We hope this Directory will be helpful on a very practical level. Practitioners new to affordable housing work can find the acronyms daunting. Even longstanding experts in the field come across program names that are unfamiliar. Tenants may not understand what it means to live in an “80/20” or an “NRP” building. It is difficult to find aggregated lists of housing programs across government agencies that are designed to address a similar need. For example, we have not been able to locate a list of all the programs used in New York City to provide housing to formerly homeless households. There are lists of service providers, government agencies, and names of individual building locations, but to our knowledge there is no easily accessible website or document describing government programs currently or formerly available to provide housing for homeless families and individuals. By searching key phrases in this Directory, those involved in mitigating homelessness in New York City have a starting point to locate potential program models.

Scope

The Directory includes only those affordable housing programs used within the five counties (coterminous with boroughs) of the City of New York. We also limited the entries in the Directory to programs sponsored by the four active government housing agencies: the U.S. Department of Housing and Urban Development (HUD) at the federal level; the Division of Homes and Community Renewal at the state level; and the New York City Department of Housing Preservation and Development and Housing Development Corporation at the municipal level. Because the largest source of housing subsidies in New York City is the Internal Revenue Service, we have included those programs through deductions, credits, and abatements, as well as affordable housing-related state and city tax relief programs administered by the New York City Department of Finance. However, many other government agencies and private sector organizations also sponsor affordable housing programs, from the U.S. Veterans Administration to labor unions and private corporations. Those programs are not yet included in the Directory, although we hope to include them in future editions. 

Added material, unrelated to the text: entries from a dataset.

lemma nabla0_comm_of_tree:
  "set_mtree t \<subseteq> S3 \<Longrightarrow> fa_comm (single [0]) (comm_of_tree t) - comm_of (dtree t) \<in> Aplus_ideal"
proof (induction t)
  case (Leaf k)
  then have "k = 1 \<or> k = 2 \<or> k = 3" by (simp add: S3_def)
  then show ?case
    using Aplus_rel_in_ideal[of 1 2 3] Aplus_rel_in_ideal[of 2 3 1] Aplus_rel_in_ideal[of 3 1 2]
    by (auto simp: cyc_def fm_single_eq_single)
next
  case (Node a b)
  then have a: "set_mtree a \<subseteq> S3" and b: "set_mtree b \<subseteq> S3" by auto
  have "comm_of (dtree (Node a b)) =
      fa_comm (comm_of (dtree a)) (comm_of_tree b) + fa_comm (comm_of_tree a) (comm_of (dtree b))"
    by (simp add: vadd_eq fm_single_eq_single lin_ext_add comm_of_fm_mult fsupp_dtree)
  moreover have "fa_comm (single [0]) (comm_of_tree (Node a b)) =
      fa_comm (fa_comm (single [0]) (comm_of_tree a)) (comm_of_tree b) +
      fa_comm (comm_of_tree a) (fa_comm (single [0]) (comm_of_tree b))"
    using fa_comm_leibniz[of "single [0]" "comm_of_tree a" "comm_of_tree b"] by (simp add: fsupp_comm_of_tree)
  ultimately have "fa_comm (single [0]) (comm_of_tree (Node a b)) - comm_of (dtree (Node a b)) =
      fa_comm (fa_comm (single [0]) (comm_of_tree a) - comm_of (dtree a)) (comm_of_tree b) +
      fa_comm (comm_of_tree a) (fa_comm (single [0]) (comm_of_tree b) - comm_of (dtree b))"
    by (simp add: fa_comm_linear)
  also have "\<dots> \<in> Aplus_ideal"
    using Node.IH a b
    by (intro Aplus_ideal_add Aplus_ideal_comm_left Aplus_ideal_comm_right comm_of_tree_FA_Aplus)
  finally show ?case .
qed

lemma nabla0_comm_of:
  "q \<in> FM S3 \<Longrightarrow> fa_comm (single [0]) (comm_of q) - comm_of (fm_der q) \<in> Aplus_ideal"
proof (induction rule: FM_induct)
  case (step q c t)
  then have "fa_comm (single [0]) (comm_of (q + vscal c (single t))) - comm_of (fm_der (q + vscal c (single t)))
     = (fa_comm (single [0]) (comm_of q) - comm_of (fm_der q))
       + vscal c (fa_comm (single [0]) (comm_of_tree t) - comm_of (dtree t))"
    by (simp add: lin_ext_step fm_der_add fm_der_vscal fa_comm_linear lin_ext_add lin_ext_vscal
        fsupp_fm_der fsupp_dtree vscal_diff FM_fsupp)
  also have "\<dots> \<in> Aplus_ideal"
    using step nabla0_comm_of_tree by (intro Aplus_ideal_add Aplus_ideal_vscal) auto
  finally show ?case .
qed (simp add: Aplus_ideal_def)

lemma U_rels_FA: "U_rels \<subseteq> FA gcar"
  unfolding U_rels_def fa_gen_eq_single vdiff_eq vadd_eq
  by (auto intro!: FA_diff FA_add FA_vscal FA_fa_comm FA_single g_add_gcar g_scal_gcar g_bracket_gcar)

lemma U_rel_in_ideal: "vdiff p q \<in> U_rels \<Longrightarrow> p - q \<in> U_ideal"
  unfolding U_ideal_def vdiff_eq[symmetric] by (rule fa_ideal.gen)

lemma U_add_rel: "u \<in> gcar \<Longrightarrow> v \<in> gcar \<Longrightarrow> single [g_add u v] - (single [u] + single [v]) \<in> U_ideal"
  by (rule U_rel_in_ideal) (unfold U_rels_def fa_gen_eq_single vadd_eq, blast)

lemma U_scal_rel: "u \<in> gcar \<Longrightarrow> single [g_scal c u] - vscal c (single [u]) \<in> U_ideal"
  by (rule U_rel_in_ideal) (unfold U_rels_def fa_gen_eq_single, blast)

lemma U_bracket_rel:
  "u \<in> gcar \<Longrightarrow> v \<in> gcar \<Longrightarrow> fa_comm (single [u]) (single [v]) - single [g_bracket u v] \<in> U_ideal"
  by (rule U_rel_in_ideal) (unfold U_rels_def fa_gen_eq_single, blast)

lemmas U_ideal_diff = fa_ideal_diff[OF U_rels_FA, folded U_ideal_def]
lemmas U_ideal_diff_trans = fa_ideal_diff_trans[of _ _ gcar U_rels, folded U_ideal_def]
lemmas U_ideal_diff_sym = fa_ideal_diff_sym[OF U_rels_FA, folded U_ideal_def]
lemmas U_ideal_diff_add = fa_ideal_diff_add[of _ _ gcar U_rels, folded U_ideal_def]
lemmas U_ideal_diff_vscal = fa_ideal_diff_vscal[OF U_rels_FA, folded U_ideal_def]
lemmas U_ideal_diff_comm = fa_ideal_diff_comm[OF U_rels_FA, folded U_ideal_def]

section \<open>The mutually inverse substitutions\<close>

definition g_letter :: "nat \<Rightarrow> gelt" where
  "g_letter x = (if x = 0 then g_delta else g_gen x)"

definition phi_letter :: "nat \<Rightarrow> gelt list \<Rightarrow> complex" where
  "phi_letter x = single [g_letter x]"

definition psi_letter :: "gelt \<Rightarrow> nat list \<Rightarrow> complex" where
  "psi_letter u = vscal (fst u) (single [0]) + comm_of (fl_rep (snd u))"

lemma g_letter_gcar:
  assumes "x \<in> {0,1,2,3}"
  shows "g_letter x \<in> gcar"
proof (cases "x = 0")
  case False
  with assms have "x \<in> S3" by (auto simp: S3_def)
  with False show ?thesis by (simp add: g_letter_def g_gen_eq FM_single)
qed (simp add: g_letter_def g_delta_eq)
text \<open>The vertices are split into seven classes, three of size 3 and four of size 2,
  and the colour of an edge depends only on the multiset of classes of its vertices.
  If a 4-set contains two vertices u, v of the same class, then its 3-subsets avoiding
  u and avoiding v have the same class multiset and hence the same colour. Otherwise the
  4-set meets four distinct classes, and its colours are those of four triples of classes;
  the colouring of class triples is chosen so that no four classes are multicoloured.
  Connectivity of each colour class is certified by an explicit sequence of edges which,
  starting from the pair {0, 1}, reaches every pair of vertices along strong paths.\<close>

lemma strong_path_Nil [simp]: "\<not> strong_path H []"
  by (simp add: strong_path_def)

lemma strong_path_singleton [simp]: "strong_path H [e] \<longleftrightarrow> e \<in> H"
  by (simp add: strong_path_def)

lemma strong_path_Cons_Cons [simp]:
  "strong_path H (e # f # Es) \<longleftrightarrow> e \<in> H \<and> card (e \<inter> f) = 2 \<and> strong_path H (f # Es)"
  unfolding strong_path_def by (auto simp: All_less_Suc2 less_Suc_eq_0_disj)

lemma strong_path_append:
  assumes "strong_path H xs" "strong_path H ys" "card (last xs \<inter> hd ys) = 2"
  shows "strong_path H (xs @ ys)"
  using assms
proof (induction xs rule: induct_list012)
  case (2 x)
  then show ?case by (cases ys) auto
qed auto

lemma strong_path_rev: "strong_path H Es \<Longrightarrow> strong_path H (rev Es)"
proof (induction Es rule: induct_list012)
  case (3 e f Es)
  then have "strong_path H (rev (f # Es))" "card (last (rev (f # Es)) \<inter> e) = 2"
    by (auto simp: Int_commute)
  then show ?case using strong_path_append[of H "rev (f # Es)" "[e]"] 3 by simp
qed auto

definition reachable :: "'a set set \<Rightarrow> 'a set \<Rightarrow> 'a set \<Rightarrow> bool" where
  "reachable H p q \<longleftrightarrow> (\<exists>Es. strong_path H Es \<and> p \<subseteq> hd Es \<and> q \<subseteq> last Es)"

lemma hconnected_iff_reachable:
  "hconnected V H \<longleftrightarrow> (\<forall>p\<in>pairs V. \<forall>q\<in>pairs V. reachable H p q)"
  by (simp add: hconnected_def reachable_def)

lemma reachable_edge: "e \<in> H \<Longrightarrow> p \<subseteq> e \<Longrightarrow> q \<subseteq> e \<Longrightarrow> reachable H p q"
  unfolding reachable_def by (intro exI[of _ "[e]"]) simp

lemma reachable_sym: "reachable H p q \<Longrightarrow> reachable H q p"
  unfolding reachable_def by (metis strong_path_rev hd_rev last_rev)

lemma card_Int_eq_2_if_triples:
  assumes "card e = 3" "card f = 3" "e \<noteq> f" "q \<subseteq> e \<inter> f" "card q = 2"
  shows "card (e \<inter> f) = 2"
proof -
  have fin: "finite e" "finite f" using assms(1,2) by (simp_all add: card_ge_0_finite)
  have "e \<inter> f \<subset> e"
    using assms(1-3) fin by (metis Int_lower1 Int_absorb1 card_subset_eq inf_commute psubsetI)
  then have "card (e \<inter> f) < 3" using assms(1) fin psubset_card_mono by metis
  moreover have "card q \<le> card (e \<inter> f)" using assms(4) fin by (simp add: card_mono)
  ultimately show ?thesis using assms(5) by simp
qed

lemma reachable_extend:
  assumes H: "\<forall>e\<in>H. card e = 3"
    and "reachable H p q" "card q = 2" "e \<in> H" "q \<subseteq> e" "r \<subseteq> e"
  shows "reachable H p r"
proof -
  obtain Es where Es: "strong_path H Es" "p \<subseteq> hd Es" "q \<subseteq> last Es"
    using assms(2) unfolding reachable_def by blast
  show ?thesis
  proof (cases "last Es = e")
    case True
    then show ?thesis using Es assms(6) unfolding reachable_def by blast
  next
    case False
    have "Es \<noteq> []" using Es(1) by auto
    then have "last Es \<in> H" using Es(1) by (auto simp: strong_path_def)
    then have "card (last Es \<inter> e) = 2"
      using card_Int_eq_2_if_triples[of "last Es" e q] False H Es(3) assms(3-5) by auto
    then have "strong_path H (Es @ [e])"
      using strong_path_append[of H Es "[e]"] Es(1) assms(4) by simp
    moreover have "p \<subseteq> hd (Es @ [e])" using Es(2) \<open>Es \<noteq> []\<close> by simp
    moreover have "r \<subseteq> last (Es @ [e])" using assms(6) by simp
    ultimately show ?thesis unfolding reachable_def by blast
  qed
qed

lemma reachable_trans:
  assumes H: "\<forall>e\<in>H. card e = 3"
    and "reachable H p q" "reachable H q r" "card q = 2"
  shows "reachable H p r"
proof -
  obtain Fs where "strong_path H Fs" "q \<subseteq> hd Fs" "r \<subseteq> last Fs"
    using assms(3) unfolding reachable_def by blast
  then show ?thesis using assms(2,4)
  proof (induction Fs arbitrary: q rule: induct_list012)
    case (2 f)
    then show ?case using reachable_extend[OF H, of p q f r] by simp
  next
    case (3 f f' Fs)
    then have "reachable H p (f \<inter> f')"
      using reachable_extend[OF H, of p q f "f \<inter> f'"] by auto
    then show ?case using "3.IH"(2)[of "f \<inter> f'"] "3.prems" by auto
  qed simp
qed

Despite receiving generous assistance from many experts, there are still programs for which information was incomplete, inconsistent, or unavailable. We also limited the amount of information provided for each program in many cases in order to emphasize common characteristics and differences among programs. As a result, the Directory is not intended to be a “how-to” instruction manual for would-be developers or residents, but rather a compass that guides users towards further inquiry. Moreover, it is well beyond the scope of this project to provide an entire history and typology of the housing programs listed here.

Authors’ Preliminary Observations

In reviewing the plethora of housing programs used in New York City, some initial observations emerge. The value of New York City’s experience is not limited to the confines of the City’s five boroughs (although the myth of New York City’s uniqueness, perpetuated by New Yorkers and non-New Yorkers alike, is powerful). Indeed, many of the housing programs profiled were based on programs from other cities, such as the mortgage assistance program (Pennsylvania) or mutual housing associations (Scandinavia and Germany). Others have been replicated both domestically and internationally, such as New York’s robust supportive housing programs. 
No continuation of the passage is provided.